### PROBLEM STATEMENT
Your answer should consist of each line from the data below that contains "assumes".
"""
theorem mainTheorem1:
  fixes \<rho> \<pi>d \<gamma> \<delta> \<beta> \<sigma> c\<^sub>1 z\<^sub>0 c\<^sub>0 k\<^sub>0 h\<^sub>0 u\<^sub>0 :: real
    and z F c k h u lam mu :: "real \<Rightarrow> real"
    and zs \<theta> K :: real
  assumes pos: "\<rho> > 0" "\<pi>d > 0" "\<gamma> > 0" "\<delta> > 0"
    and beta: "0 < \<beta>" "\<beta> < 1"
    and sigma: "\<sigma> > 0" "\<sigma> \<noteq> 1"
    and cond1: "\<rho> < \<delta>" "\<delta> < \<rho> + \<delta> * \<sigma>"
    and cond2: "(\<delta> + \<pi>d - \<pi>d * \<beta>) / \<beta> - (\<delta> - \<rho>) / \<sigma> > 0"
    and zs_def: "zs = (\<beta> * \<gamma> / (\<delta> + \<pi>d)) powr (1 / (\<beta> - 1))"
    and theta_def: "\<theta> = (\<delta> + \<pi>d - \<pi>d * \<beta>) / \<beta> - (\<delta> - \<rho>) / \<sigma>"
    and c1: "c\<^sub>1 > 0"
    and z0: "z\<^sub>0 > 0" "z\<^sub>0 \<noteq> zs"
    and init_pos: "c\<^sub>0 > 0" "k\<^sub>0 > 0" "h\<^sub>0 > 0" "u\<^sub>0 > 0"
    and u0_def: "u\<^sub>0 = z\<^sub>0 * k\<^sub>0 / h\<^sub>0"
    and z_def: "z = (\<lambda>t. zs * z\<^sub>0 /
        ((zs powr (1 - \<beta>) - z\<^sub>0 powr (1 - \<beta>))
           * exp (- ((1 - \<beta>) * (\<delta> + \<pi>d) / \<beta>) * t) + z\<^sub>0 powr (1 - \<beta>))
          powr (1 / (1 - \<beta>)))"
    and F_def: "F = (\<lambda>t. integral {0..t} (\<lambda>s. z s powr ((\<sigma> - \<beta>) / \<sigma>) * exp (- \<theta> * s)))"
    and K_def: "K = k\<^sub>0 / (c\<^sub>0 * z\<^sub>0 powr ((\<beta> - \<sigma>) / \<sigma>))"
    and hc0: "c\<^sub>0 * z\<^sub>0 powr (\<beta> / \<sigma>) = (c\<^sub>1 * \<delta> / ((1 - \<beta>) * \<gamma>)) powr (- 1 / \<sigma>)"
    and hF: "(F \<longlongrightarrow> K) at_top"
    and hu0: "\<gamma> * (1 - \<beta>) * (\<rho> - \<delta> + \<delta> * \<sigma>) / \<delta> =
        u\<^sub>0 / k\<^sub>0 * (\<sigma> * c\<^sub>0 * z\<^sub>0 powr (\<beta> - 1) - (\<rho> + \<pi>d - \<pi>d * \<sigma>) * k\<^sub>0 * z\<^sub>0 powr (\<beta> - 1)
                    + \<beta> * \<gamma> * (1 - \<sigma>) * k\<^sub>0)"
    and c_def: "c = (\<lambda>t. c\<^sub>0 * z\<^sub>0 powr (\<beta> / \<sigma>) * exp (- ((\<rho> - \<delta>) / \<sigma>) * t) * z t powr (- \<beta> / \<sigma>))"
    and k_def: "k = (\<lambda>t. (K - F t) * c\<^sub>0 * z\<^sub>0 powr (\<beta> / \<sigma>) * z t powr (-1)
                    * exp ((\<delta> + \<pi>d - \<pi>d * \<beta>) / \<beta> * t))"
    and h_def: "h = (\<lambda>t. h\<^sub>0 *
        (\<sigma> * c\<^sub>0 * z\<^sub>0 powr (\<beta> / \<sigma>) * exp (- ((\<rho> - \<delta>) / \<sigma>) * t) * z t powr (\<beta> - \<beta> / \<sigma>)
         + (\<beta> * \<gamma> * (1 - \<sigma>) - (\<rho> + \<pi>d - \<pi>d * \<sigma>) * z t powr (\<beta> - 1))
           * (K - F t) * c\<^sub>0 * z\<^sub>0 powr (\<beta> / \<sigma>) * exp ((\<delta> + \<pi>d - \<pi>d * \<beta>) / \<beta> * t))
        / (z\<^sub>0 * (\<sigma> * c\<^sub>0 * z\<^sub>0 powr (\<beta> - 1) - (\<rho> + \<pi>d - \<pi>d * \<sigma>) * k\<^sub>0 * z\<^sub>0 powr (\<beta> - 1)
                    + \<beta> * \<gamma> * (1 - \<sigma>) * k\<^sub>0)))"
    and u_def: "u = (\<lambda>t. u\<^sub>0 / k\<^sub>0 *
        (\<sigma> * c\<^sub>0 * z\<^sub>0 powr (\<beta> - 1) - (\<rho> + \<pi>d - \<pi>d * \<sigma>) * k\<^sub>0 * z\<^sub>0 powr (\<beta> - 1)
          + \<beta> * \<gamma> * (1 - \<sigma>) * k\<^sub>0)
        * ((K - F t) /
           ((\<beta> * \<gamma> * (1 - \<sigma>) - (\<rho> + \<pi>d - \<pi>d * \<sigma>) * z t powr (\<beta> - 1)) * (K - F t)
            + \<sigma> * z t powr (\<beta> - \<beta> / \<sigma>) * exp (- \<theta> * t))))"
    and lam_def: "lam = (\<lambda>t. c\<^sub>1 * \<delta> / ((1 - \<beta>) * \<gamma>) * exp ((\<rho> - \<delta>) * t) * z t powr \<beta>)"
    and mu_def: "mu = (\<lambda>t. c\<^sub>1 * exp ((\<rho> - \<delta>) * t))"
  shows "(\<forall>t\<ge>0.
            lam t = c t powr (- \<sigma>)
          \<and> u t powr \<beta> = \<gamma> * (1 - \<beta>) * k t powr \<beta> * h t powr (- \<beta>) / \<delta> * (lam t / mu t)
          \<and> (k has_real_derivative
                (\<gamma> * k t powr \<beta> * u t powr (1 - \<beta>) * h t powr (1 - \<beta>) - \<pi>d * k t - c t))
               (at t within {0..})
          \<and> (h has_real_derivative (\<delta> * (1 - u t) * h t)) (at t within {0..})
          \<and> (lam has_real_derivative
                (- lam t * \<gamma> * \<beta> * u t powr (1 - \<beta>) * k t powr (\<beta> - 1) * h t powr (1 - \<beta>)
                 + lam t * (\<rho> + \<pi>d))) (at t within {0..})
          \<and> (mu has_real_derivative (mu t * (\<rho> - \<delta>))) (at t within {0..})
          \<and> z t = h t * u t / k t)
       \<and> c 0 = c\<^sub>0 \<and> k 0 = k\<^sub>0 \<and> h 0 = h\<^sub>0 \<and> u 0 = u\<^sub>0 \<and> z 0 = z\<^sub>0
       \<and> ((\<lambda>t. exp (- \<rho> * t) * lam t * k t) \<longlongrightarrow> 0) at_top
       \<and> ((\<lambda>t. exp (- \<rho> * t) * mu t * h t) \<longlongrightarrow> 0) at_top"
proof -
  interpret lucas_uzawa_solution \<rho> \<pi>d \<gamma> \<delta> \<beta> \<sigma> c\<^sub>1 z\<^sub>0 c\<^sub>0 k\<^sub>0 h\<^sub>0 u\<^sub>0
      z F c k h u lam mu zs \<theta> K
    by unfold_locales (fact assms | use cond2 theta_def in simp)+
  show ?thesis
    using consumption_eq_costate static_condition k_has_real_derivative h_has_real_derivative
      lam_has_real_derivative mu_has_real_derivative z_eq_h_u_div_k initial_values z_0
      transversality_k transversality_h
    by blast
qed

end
"""
"""
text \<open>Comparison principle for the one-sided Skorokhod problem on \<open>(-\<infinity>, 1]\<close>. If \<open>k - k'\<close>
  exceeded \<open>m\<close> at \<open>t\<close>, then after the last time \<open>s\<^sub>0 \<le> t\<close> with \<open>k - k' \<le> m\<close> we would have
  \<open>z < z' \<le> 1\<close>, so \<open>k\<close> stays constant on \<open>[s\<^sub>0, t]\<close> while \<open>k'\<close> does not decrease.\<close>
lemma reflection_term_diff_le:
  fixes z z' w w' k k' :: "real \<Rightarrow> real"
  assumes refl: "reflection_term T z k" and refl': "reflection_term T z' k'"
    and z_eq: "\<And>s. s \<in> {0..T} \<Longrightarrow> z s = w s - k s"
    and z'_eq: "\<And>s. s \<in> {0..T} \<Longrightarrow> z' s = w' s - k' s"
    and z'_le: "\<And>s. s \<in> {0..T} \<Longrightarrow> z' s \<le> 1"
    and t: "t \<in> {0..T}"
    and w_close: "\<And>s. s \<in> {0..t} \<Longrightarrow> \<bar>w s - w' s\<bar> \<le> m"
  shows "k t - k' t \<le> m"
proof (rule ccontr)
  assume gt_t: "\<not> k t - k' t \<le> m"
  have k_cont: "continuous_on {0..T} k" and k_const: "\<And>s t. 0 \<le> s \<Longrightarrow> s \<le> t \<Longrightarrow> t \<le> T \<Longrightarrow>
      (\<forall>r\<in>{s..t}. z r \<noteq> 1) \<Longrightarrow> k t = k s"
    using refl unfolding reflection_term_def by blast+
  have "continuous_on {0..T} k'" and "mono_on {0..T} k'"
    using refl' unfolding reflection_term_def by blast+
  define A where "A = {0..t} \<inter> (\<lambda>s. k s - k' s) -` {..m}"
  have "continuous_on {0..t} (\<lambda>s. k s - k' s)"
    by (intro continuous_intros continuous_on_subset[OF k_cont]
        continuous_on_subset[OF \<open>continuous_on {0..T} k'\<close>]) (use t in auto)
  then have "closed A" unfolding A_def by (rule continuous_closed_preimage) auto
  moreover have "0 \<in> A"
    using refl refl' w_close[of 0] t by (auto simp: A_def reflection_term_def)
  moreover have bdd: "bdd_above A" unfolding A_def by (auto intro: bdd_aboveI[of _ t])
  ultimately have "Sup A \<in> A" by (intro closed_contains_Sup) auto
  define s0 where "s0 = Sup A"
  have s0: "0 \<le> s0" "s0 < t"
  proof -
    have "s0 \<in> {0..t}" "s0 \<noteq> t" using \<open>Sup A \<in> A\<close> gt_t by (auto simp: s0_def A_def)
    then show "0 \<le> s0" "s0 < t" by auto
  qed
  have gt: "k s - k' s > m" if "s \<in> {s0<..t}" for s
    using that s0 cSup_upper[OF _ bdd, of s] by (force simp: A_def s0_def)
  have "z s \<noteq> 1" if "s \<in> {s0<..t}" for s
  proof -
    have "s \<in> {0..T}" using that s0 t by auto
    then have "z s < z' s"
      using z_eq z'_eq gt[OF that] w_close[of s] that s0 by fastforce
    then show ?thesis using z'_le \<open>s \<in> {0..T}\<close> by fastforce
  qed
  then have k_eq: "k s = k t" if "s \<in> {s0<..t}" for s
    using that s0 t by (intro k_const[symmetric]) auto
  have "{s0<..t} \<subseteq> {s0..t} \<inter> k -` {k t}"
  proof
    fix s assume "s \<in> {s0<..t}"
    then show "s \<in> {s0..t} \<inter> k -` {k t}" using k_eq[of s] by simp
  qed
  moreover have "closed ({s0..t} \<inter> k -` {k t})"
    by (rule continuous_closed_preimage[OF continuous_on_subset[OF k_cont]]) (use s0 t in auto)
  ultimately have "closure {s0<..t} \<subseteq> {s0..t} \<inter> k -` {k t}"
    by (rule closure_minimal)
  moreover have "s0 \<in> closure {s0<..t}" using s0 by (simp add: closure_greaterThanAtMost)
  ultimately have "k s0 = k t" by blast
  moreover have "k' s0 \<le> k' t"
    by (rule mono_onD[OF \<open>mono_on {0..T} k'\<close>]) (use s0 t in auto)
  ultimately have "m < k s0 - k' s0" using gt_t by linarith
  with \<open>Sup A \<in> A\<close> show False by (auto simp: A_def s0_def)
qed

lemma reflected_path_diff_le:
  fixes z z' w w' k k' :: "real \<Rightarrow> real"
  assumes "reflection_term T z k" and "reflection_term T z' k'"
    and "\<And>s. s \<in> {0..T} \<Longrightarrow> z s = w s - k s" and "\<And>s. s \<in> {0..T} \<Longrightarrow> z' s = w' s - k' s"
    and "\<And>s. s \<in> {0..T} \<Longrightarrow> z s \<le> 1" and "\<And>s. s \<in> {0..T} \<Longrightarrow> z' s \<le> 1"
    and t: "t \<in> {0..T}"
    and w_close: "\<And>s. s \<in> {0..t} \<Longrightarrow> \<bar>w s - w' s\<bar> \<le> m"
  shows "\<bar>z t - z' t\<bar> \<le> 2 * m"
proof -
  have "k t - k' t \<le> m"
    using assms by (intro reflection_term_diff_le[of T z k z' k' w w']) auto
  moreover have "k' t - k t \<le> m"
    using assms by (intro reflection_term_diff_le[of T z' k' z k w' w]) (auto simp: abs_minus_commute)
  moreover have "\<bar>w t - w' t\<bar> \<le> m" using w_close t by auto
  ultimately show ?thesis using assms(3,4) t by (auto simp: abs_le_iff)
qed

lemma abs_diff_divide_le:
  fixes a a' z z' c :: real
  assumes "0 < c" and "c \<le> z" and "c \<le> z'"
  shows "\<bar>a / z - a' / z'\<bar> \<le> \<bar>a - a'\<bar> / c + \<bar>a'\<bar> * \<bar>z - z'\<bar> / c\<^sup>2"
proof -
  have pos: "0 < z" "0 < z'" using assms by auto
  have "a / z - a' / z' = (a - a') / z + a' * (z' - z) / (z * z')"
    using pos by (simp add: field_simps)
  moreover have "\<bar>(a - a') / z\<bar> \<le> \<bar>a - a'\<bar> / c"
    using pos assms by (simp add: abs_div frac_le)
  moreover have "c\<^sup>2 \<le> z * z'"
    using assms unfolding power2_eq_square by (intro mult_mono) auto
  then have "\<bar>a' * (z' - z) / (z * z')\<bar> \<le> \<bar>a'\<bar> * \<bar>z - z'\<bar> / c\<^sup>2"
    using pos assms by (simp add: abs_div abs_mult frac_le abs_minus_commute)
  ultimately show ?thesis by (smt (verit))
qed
"""
### ANSWER FOR THIS EXERCISE
  assumes pos: "\<rho> > 0" "\<pi>d > 0" "\<gamma> > 0" "\<delta> > 0"
  assumes refl: "reflection_term T z k" and refl': "reflection_term T z' k'"
  assumes "reflection_term T z k" and "reflection_term T z' k'"
  assumes "0 < c" and "c \<le> z" and "c \<le> z'"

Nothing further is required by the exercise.